И стал говорить. Медленно, будто давно обдумал.
– Лошадь у меня пала прошлой зимой, новую не справил, стар стал один пахать. Будешь мне по весне и по осени подсоблять с огородом, с сеном, с тем-сем. Сколько сможешь. Я тебе за корову цену не дарю, ты её отработаешь. Год, два, сколько выйдет. Долг твой. По-честному. Не нищенка ты мне, а должница. Так пойдёт?
Я стою, губы трясутся, а сказать ничего не выходит, ни заплакать, ни засмеяться.
– Пойдёт, – говорю. – Пойдёт, Иван Степаныч.
– Ну и ступай. Дои свою. У меня и без неё голов хватает. А то воет она тут по тебе, спать не даёт.
Последнее уж он буркнул, отвернувшись. Чтоб не видела я его лица.
Прихожу, а Зорька во дворе, завела её в свой хлев. Она по двору прошла, каждый угол обнюхала, у своего стойла встала, вздохнула во всю грудь и легла. Дома. Я ей сенца, я ей пойла тёплого, я с ней до ночи в хлеву просидела, всё гладила да приговаривала.

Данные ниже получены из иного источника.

(* Let $\mathcal G=(\mathcal V,\mathcal E)$ be a hypergraph with $\mathcal V=[n]$, all of whose edges are nonempty, with special vertices $\mathcal V^{\mathrm{sp}}$, and let $\mathbf m\in\mathbb Z_{\ge0}^n$. Then, as polynomials in $q$ (equivalently, for every positive integer $q$), \[ {}_{\mathbf m}\Pi^{\mathrm{mark}}_{\mathcal G}(q)=\sum_{\underline{\boldsymbol\lambda}\in S(\mathbf m)}\frac{\Pi_{\mathcal G(\underline{\boldsymbol\lambda},\mathbf m)}(q)}{\prod_{i\in\mathrm{supp}(\mathbf m)}\prod_{k\ge1}\bigl(d_k^{\boldsymbol\lambda_i}\bigr)!}. \]
   Context: Hypergraph, special vertices $\mathcal V^{\mathrm{sp}}\subseteq\mathcal V=[n]$, and ${}_{\mathbf m}\Pi^{\mathrm{mark}}_{\mathcal G}(q)$: for $q\in\mathbb N$, the number of maps $\Gamma$ assigning to each vertex $v$ a finite multiset $\Gamma(v)$ of elements of $\{1,\dots,q\}$ with $\Gamma(v)$ a set for $v\notin\mathcal V^{\mathrm{sp}}$, $|\Gamma(v)|=m_v$ (with multiplicity), and, for each edge $e$, the underlying sets of $\Gamma(v)$, $v\in e$, having empty common intersection. For a hypergraph $\mathcal H$, $\Pi_{\mathcal H}(q)$ is its ordinary chromatic polynomial: the number of maps $c$ from the vertex set to $\{1,\dots,q\}$ such that no edge is monochromatic (i.e. for each edge $e$, $c$ is not constant on $e$). A partition $\lambda$ of $m$ is a weakly decreasing tuple of positive integers summing to $m$; $\ell(\lambda)$ is its number of parts and $d_k^\lambda$ the number of parts equal to $k$; the empty partition of $0$ has length $0$. $S(\mathbf m)$ is the set of tuples $\underline{\boldsymbol\lambda}=(\boldsymbol\lambda_i)_{i\in[n]}$ with $\boldsymbol\lambda_i$ a partition of $m_i$ and $\boldsymbol\lambda_i=(1^{m_i})$ for $i\notin\mathcal V^{\mathrm{sp}}$. For $\underline{\boldsymbol\lambda}\in S(\mathbf m)$, $\mathcal G(\underline{\boldsymbol\lambda},\mathbf m)$ is the hypergraph with vertex set $\{(i,r): i\in\mathrm{supp}(\mathbf m),\ 1\le r\le\ell(\boldsymbol\lambda_i)\}$ and edges: (a) $\{(i,r),(i,s)\}$ for each $i\in\mathrm{supp}(\mathbf m)$ and $1\le r<s\le\ell(\boldsymbol\lambda_i)$ (each vertex $i$ is replaced by a clique of size $\ell(\boldsymbol\lambda_i)$); (b) for each edge $\{i_1,\dots,i_k\}\in\mathcal E$ contained in $\mathrm{supp}(\mathbf m)$ and each choice $1\le r_j\le\ell(\boldsymbol\lambda_{i_j})$, the edge $\{(i_1,r_1),\dots,(i_k,r_k)\}$. *)

theory Defs
  imports "HOL-Analysis.Analysis" "HOL-Library.Multiset"
begin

А через две недели и наши вернулись. Автобус к вечеру пришёл. Митенька первый выскочил – загорелый, окрепший, не тот бледный заморыш, что уезжал. Бежит ко мне, обнял, головой в живот ткнулся: «Баб! Баб, я приехал!» Валентина за ним, плачет, улыбается. Самое страшное позади, доктора отпустили, велели только беречь да отъедаться.
– Баб, – Митенька отлепился, глаза горят, – а молоко-то есть? Я по молоку соскучился, там не такое.
Я повела его в хлев. Открыла дверь, фонарь подняла. Зорька повернула морду, звёздочкой блеснула в свете, и замычала тихо, признала.
Митенька так и ахнул:
– Зорька?! Баб, Зорька! Ты говорила, в гости уехала! А она вон, вернулась!
– Вернулась, – говорю. – Нагостилась и вернулась. Домой.
Сел он рядом на чурбачок, я ему кружку дала, надоила свежего, тёплого, пенного. Он пил, усы белые, поверх кружки на меня глядит, смеётся.